Hannah Ruschemeier / Apr 30, 2026

This post is part of a series on Hype Studies that will appear on Tech Policy Press in 2026. More from the series is here.

European Commission President Ursula von der Leyen. Source

Writing about AI hype seems to create an interesting paradox: every contribution about AI, whether critical or not, seems only to feed the hype. At the same time, this apparent contradiction justifies the need for a critical theoretical approach of hype studies.

At first glance, hype and law also appear to be contradictory, as the setting of norms in democratic constitutional states follows established, formalized procedures. Democratic consensus-building is often time-consuming; in the context of digital regulation, this is frequently used to explain the 'legal lag'—the notion that law is slow and perpetually trails behind technical development. Hype works through speeding up processes, urging stakeholders to take hasty decisions. It creates urgency and pressure to act instantly, in contrast with legal thinking that rationalizes through procedural and structural reasoning.

Even if this observation is only partially accurate, it appears the law itself is succumbing to AI hype. This is evident, on the one hand, in the heated discussions in faculties of law regarding their role in the age of ubiquitous AI applications, the purported ‘revolution’ of the practical legal market by AI, and the field of digital regulation itself, where there is significant pressure to suppress regulation of AI out of concern it will harm innovation.
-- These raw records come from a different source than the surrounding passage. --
lemma nakayama_power_relative:
  assumes "finite X" and L: "ring_module.subspace L"
  shows "subspace K \<Longrightarrow> (\<And>w. w \<in> X \<Longrightarrow> a *s w \<in> span (K \<union> prod_submod scale L X))
    \<Longrightarrow> \<exists>e. \<exists>l\<in>L. \<forall>y\<in>span X. (a ^ e - l) *s y \<in> K"
  using \<open>finite X\<close>
proof (induction X arbitrary: K rule: finite_induct)
  case empty
  then show ?case
    using subspace_0 ring_module.subspace_0[OF L] by (intro exI[of _ 0] bexI[of _ 0]) auto
next
  case (insert x X K)
  (* Enlarge K by x to pass to X, then remove x again at the cost of squaring a^e - l. *)
  note K = insert.prems(1)
  define K' where "K' = span (insert x K)"
  have "prod_submod scale L (insert x X) \<subseteq> span (K' \<union> prod_submod scale L X)"
    unfolding prod_submod_def[of _ _ "insert x X"]
  proof (rule span_minimal)
    show "{l *s z | l z. l \<in> L \<and> z \<in> insert x X} \<subseteq> span (K' \<union> prod_submod scale L X)"
      unfolding K'_def prod_submod_def by (blast intro: span_base span_scale)
  qed simp
  moreover have "K \<subseteq> span (K' \<union> prod_submod scale L X)"
    unfolding K'_def using span_superset by blast
  ultimately have "span (K \<union> prod_submod scale L (insert x X)) \<subseteq> span (K' \<union> prod_submod scale L X)"
    by (simp add: span_minimal)
  then obtain e l where l: "l \<in> L" and p_X: "\<forall>y\<in>span X. (a ^ e - l) *s y \<in> K'"
    using insert.IH[of K'] insert.prems(2) unfolding K'_def by blast
  define p where "p = a ^ e - l"
  have "subspace {y. p *s y \<in> K'}" unfolding K'_def by (simp add: subspace_scale_preimage)
  moreover have "insert x X \<subseteq> {y. p *s y \<in> K'}"
    using p_X span_base unfolding p_def K'_def by (auto intro: span_base span_scale)
  ultimately have "p *s y \<in> K'" if "y \<in> span (insert x X)" for y
    using span_minimal that by blast
  then obtain l' where l': "l' \<in> L" "\<forall>y\<in>span (insert x X). ((p * a - l') * p) *s y \<in> K"
    using nakayama_power_step[OF K L _ insert.prems(2)[of x]] unfolding K'_def by blast
  define l'' where "l'' = (2 * (a ^ e * a) - l * a) * l + p * l'"
  have "l'' \<in> L"
    unfolding l''_def by (rule ring_module.subspace_add[OF L ring_module.subspace_scale[OF L l]
          ring_module.subspace_scale[OF L l'(1)]])
  moreover have "(p * a - l') * p = a ^ (2 * e + 1) - l''"
  proof -
    have "((b - l) * a - l') * (b - l) = b * b * a - ((2 * (b * a) - l * a) * l + (b - l) * l')"
      for b by (simp add: algebra_simps)
    moreover have "a ^ (2 * e + 1) = a ^ e * a ^ e * a" by (simp add: power_add mult_2)
    ultimately show ?thesis unfolding p_def l''_def by (simp only:)
  qed
  ultimately show ?case using l'(2) by (intro exI[of _ "2 * e + 1"] bexI[of _ l'']) simp_all
qed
This essay will examine this by looking at the European (de-)regulation efforts of AI. The European Commission’s current 'Omnibus' proposal for the 'simplification' of EU digital regulation perfectly illustrates that AI hype has now arrived at the heart of European lawmaking. Through substantial influence over the production of regulatory knowledge, Big Tech seeks to achieve epistemic capture of the EU regulation process, showing how hype can dismantle public expertise.

Current political discussions and regulatory proposals in the context of AI reflect the success of what I call the “innovation narrative” around AI: AI, simply put, means innovation; innovation is desirable without restriction; and regulation hinders it. This narrative is fueled by the misleading picture of an “AI race” among the US, China, and the EU, as well as by the epistemic capture of AI.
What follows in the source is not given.